A poz woman’s approach to online dating - and dealing with that pesky HIV thing.

Written by // Denise Becker - Positive Life B.C. Categories // Ms. Crimson Lips

Looking for romance. Denise Becker shares her history - the good, the bad, the ugly, and then the good again – with online dating. It's different for women, you know.

A poz woman’s approach to online dating - and dealing with that pesky HIV thing.

A divorced friend of mine once told me about a dating site called “Plenty of Fish” (POF ). The name seemed funny and just the thought of going on a dating site seemed weird. But two years later, I was divorced too and I decided to investigate POF and some HIV positive dating sites.

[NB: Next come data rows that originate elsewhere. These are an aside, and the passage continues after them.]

(* Let $0<c_1\le c_2$ be constants, let $n$ be sufficiently large, let $t\in[1,n^{0.1}]$, and let $H$ be an undirected graph on $n$ vertices in which every vertex has degree between $c_1t$ and $c_2t$ and which has no cycle of length at most $8$. For every constant $\delta>0$ there is a constant $K$ (depending only on $\delta,c_1,c_2$) such that every nonempty vertex set $C$ with $H^2[C]$ of density at least $\delta$ satisfies $|C|\le Kt$.
   Context: $H^2$ (the square of $H$) is the graph on the vertex set of $H$ in which $u\neq v$ are adjacent if and only if there is a path of length exactly $2$ between $u$ and $v$ in $H$. For a graph with $n'\ge 2$ vertices and $m'$ edges its density is $m'/\binom{n'}{2}$; a one-vertex graph has density $1$. *)

theory Defs
  imports Complex_Main
begin

definition simple_graph_on :: "nat \<Rightarrow> (nat \<Rightarrow> nat \<Rightarrow> bool) \<Rightarrow> bool" where
  "simple_graph_on n E \<longleftrightarrow>
     (\<forall>u v. E u v \<longrightarrow> u < n \<and> v < n) \<and>
     (\<forall>u v. E u v \<longrightarrow> E v u) \<and> (\<forall>u. \<not> E u u)"

definition degree :: "nat \<Rightarrow> (nat \<Rightarrow> nat \<Rightarrow> bool) \<Rightarrow> nat \<Rightarrow> nat" where
  "degree n E v = card {u. u < n \<and> E v u}"

definition is_cycle :: "(nat \<Rightarrow> nat \<Rightarrow> bool) \<Rightarrow> nat list \<Rightarrow> bool" where
  "is_cycle E xs \<longleftrightarrow> length xs \<ge> 3 \<and> distinct xs \<and>
     (\<forall>i < length xs. E (xs ! i) (xs ! ((i + 1) mod length xs)))"

definition no_short_cycles :: "(nat \<Rightarrow> nat \<Rightarrow> bool) \<Rightarrow> nat \<Rightarrow> bool" where
  "no_short_cycles E k \<longleftrightarrow> (\<forall>xs. is_cycle E xs \<longrightarrow> length xs > k)"

definition sq_adj :: "nat \<Rightarrow> (nat \<Rightarrow> nat \<Rightarrow> bool) \<Rightarrow> nat \<Rightarrow> nat \<Rightarrow> bool" where
  "sq_adj n E u v \<longleftrightarrow> u \<noteq> v \<and> (\<exists>w. w < n \<and> E u w \<and> E w v)"

definition induced_edges :: "(nat \<Rightarrow> nat \<Rightarrow> bool) \<Rightarrow> nat set \<Rightarrow> nat set set" where
  "induced_edges G C = {{u, v} | u v. u \<in> C \<and> v \<in> C \<and> u \<noteq> v \<and> G u v}"

definition density :: "(nat \<Rightarrow> nat \<Rightarrow> bool) \<Rightarrow> nat set \<Rightarrow> real" where
  "density G C = (if card C \<le> 1 then 1
                  else real (card (induced_edges G C)) / real (card C choose 2))"

end

theory Submission
  imports Defs
begin

text \<open>For \<open>u \<in> C\<close> let \<open>F u\<close> count the paths \<open>u - w - v\<close> of length two with
\<open>v \<in> C - {u}\<close>. It bounds the degree of \<open>u\<close> in \<open>H\<^sup>2[C]\<close>, so density \<open>\<delta>\<close> gives
\<open>\<Sum>F \<ge> \<delta> |C|\<^sup>2 / 4\<close>. Two such paths from \<open>u\<close> with different middle vertices form a path
\<open>v - w - u - w' - x\<close> of length four; as \<open>H\<close> has no cycle of length at most 8, such a path is
determined by its ends, so these pairs number at most \<open>|C|\<^sup>2\<close> in total. Pairs with a common
middle vertex number at most \<open>\<Delta> F u\<close>, where \<open>\<Delta> \<le> c\<^sub>2 t\<close> is the maximum degree. Hence
\<open>\<Sum>F\<^sup>2 \<le> |C|\<^sup>2 + \<Delta> \<Sum>F\<close>, and Cauchy-Schwarz \<open>(\<Sum>F)\<^sup>2 \<le> |C| \<Sum>F\<^sup>2\<close> forces
\<open>|C| \<le> max (32 / \<delta>\<^sup>2) (8 \<Delta> / \<delta>)\<close>, which is \<open>O(t)\<close>. Neither the lower degree bound nor
\<open>t \<le> n powr 0.1\<close> is needed, and \<open>N = 0\<close> works.\<close>

lemma simple_graph_onD:
  assumes "simple_graph_on n E"
  shows "E u v \<Longrightarrow> u < n" "E u v \<Longrightarrow> v < n" "E u v \<Longrightarrow> E v u" "\<not> E u u"
  using assms unfolding simple_graph_on_def by auto

lemma is_cycle_if_closed_walk:
  assumes "3 \<le> length xs" "distinct xs" "successively E (xs @ [hd xs])"
  shows "is_cycle E xs"
  unfolding is_cycle_def
proof (intro conjI allI impI)
  fix i assume i: "i < length xs"
  have "E ((xs @ [hd xs]) ! i) ((xs @ [hd xs]) ! Suc i)"
    using successively_nth[OF assms(3)] i by simp
  moreover have "(xs @ [hd xs]) ! Suc i = xs ! ((i + 1) mod length xs)"
  proof (cases "Suc i < length xs")
    case False
    then have "Suc i = length xs" using i by simp
    moreover have "xs \<noteq> []" using i by auto
    ultimately show ?thesis by (simp add: hd_conv_nth)
  qed (simp add: nth_append)
  ultimately show "E (xs ! i) (xs ! ((i + 1) mod length xs))"
    using i by (simp add: nth_append)
qed (use assms in auto)

lemma is_cycle_join_paths:
  assumes sym: "\<And>a b. E a b \<Longrightarrow> E b a"
    and walks: "successively E (a # P @ [z])" "successively E (a # Q @ [z])"
    and "distinct (a # P @ [z])" "distinct (a # Q @ [z])"
    and "set P \<inter> set Q = {}" and "P \<noteq> [] \<or> Q \<noteq> []"
  shows "is_cycle E (a # P @ z # rev Q)"
proof (rule is_cycle_if_closed_walk)
  have "successively (\<lambda>x y. E y x) (a # Q @ [z])"
    using walks(2) by (rule successively_mono) (use sym in blast)
  then have "successively E (rev (a # Q @ [z]))"
    by (simp only: successively_rev)
  moreover have "successively E (a # P) \<and> E (last (a # P)) z"
    using walks(1) successively_append_iff[of E "a # P" "[z]"] by simp
  ultimately have "successively E ((a # P) @ rev (a # Q @ [z]))"
    by (simp only: successively_append_iff) simp
  then show "successively E ((a # P @ z # rev Q) @ [hd (a # P @ z # rev Q)])"
    by simp
qed (use assms in \<open>auto simp flip: length_greater_0_conv\<close>)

fter checking out profiles and no faces on the positive sites, I felt drawn to the non-positive ones. I'm shallow but I was scared it might end up being someone I already knew. I was very wary that my HIV positive status would mean that no HIV negative man would be interested in having a relationship with me and it would just be a short time before I gave up on internet dating.

Completing the profile was the hardest part.. what could I say that I did for a living? I didn’t want to lie but “disabled” wasn’t even a category! I can’t remember what I put, probably “retired” but before I knew it a “chat” window had suddenly appeared and someone was trying to say hello to me. I soon found out that the “chat” windows often lead to discussions that were sexual and not really a chat at all but that might have been just POF and not other dating sites.

I loved making friends with the other POFers and soon I had friends all over the country: I was purposely doing this to avoid telling anyone I had HIV. I “met” guys in Montreal, then Winnipeg and Edmonton. It was easy and to this day I still have Facebook buddies in Edmonton and Costa Rica. However, I was receiving messages from closer to home and some caught my eye. A teacher in Calgary and I started to chat and I liked him a lot. He wanted to meet and I felt very uneasy.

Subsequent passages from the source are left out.